lemma Z_diff_I_b_subset_Bres:
  assumes pos: "\<forall>i<length ns. 0 < ns!i"
    and L: "{b \<in> IBetti ns. lt_S (generated ns) b s} \<subseteq> L"
  shows "Z ns s - I_b ns \<subseteq> Bres ns s L"
proof
  fix z assume z: "z \<in> Z ns s - I_b ns"
  then have lz: "length z = length ns" and pz: "phi ns z = s"
    by (auto simp: Z_def facts_def)
  have "z \<in> facts ns"
    using lz by (simp add: facts_def)
  then obtain w xs where w: "w \<in> I_s ns" "set xs \<subseteq> IsoSet ns (IBetti ns)" "z = foldr vadd xs w"
    using ex_IBetti_decomposition[OF pos] by blast
  have lens: "\<forall>v\<in>set xs. length v = length ns" "length w = length ns"
    using w(1,2) length_IsoSet by (auto simp: I_s_def facts_def)
  have "set xs \<subseteq> IsoSet ns L"
  proof
    fix x assume x: "x \<in> set xs"
    then obtain t where t: "t \<in> IBetti ns" "x \<in> Iso ns t"
      using w(2) by (auto simp: IsoSet_def)
    then have pt: "phi ns x = t"
      by (simp add: Iso_def Z_def)
    have xz: "lev x z"
      using lev_foldr_vadd[OF lens x] w(3) by simp
    have "t \<noteq> s"
    proof
      assume "t = s"
      then have "x = z"
        using lev_phi_eq_imp_eq[OF pos xz lz] pt pz by simp
      then show False
        using z t \<open>t = s\<close> by (auto simp: I_b_def IBetti_def)
    qed
    then have "lt_S (generated ns) t s"
      using le_S_phi_lev[OF xz lz] pt pz by (simp add: lt_S_def)
    then show "x \<in> IsoSet ns L"
      using L t by (auto simp: IsoSet_def)
  qed
  then show "z \<in> Bres ns s L"
    using z w by (auto simp: Bres_def)
qed

theorem lemma5p4:
  fixes S :: "nat set" and ns :: "nat list" and L :: "nat set" and s :: nat
  assumes "numerical_semigroup S"
    and "minimally_generates S ns"
    and "L \<subseteq> IBetti ns"
    and "s \<in> S" and "s \<notin> L"
  shows "Bres ns s L \<subseteq> Z ns s - I_b ns \<and>
    ({b \<in> IBetti ns. lt_S S b s} \<subseteq> L \<longrightarrow> Bres ns s L = Z ns s - I_b ns)"
proof -
  have S: "S = generated ns"
    using assms(2) by (simp add: minimally_generates_def)
  have "Bres ns s L \<subseteq> Z ns s"
    by (auto simp: Bres_def)
  moreover have "Bres ns s L \<inter> I_b ns = {}"
    using Bres_Int_I_b_empty assms(3,5) by (auto simp: IBetti_def)
  moreover have "{b \<in> IBetti ns. lt_S S b s} \<subseteq> L \<Longrightarrow> Z ns s - I_b ns \<subseteq> Bres ns s L"
    using Z_diff_I_b_subset_Bres[OF minimally_generates_pos[OF assms(2)]] S by blast
  ultimately show ?thesis
    by blast
qed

—————

Description of the task
Find the lines in the entries above where "forall" occurs, and copy each of them.

Solved exercise
  assumes pos: "\<forall>i<length ns. 0 < ns!i"
  have lens: "\<forall>v\<in>set xs. length v = length ns" "length w = length ns"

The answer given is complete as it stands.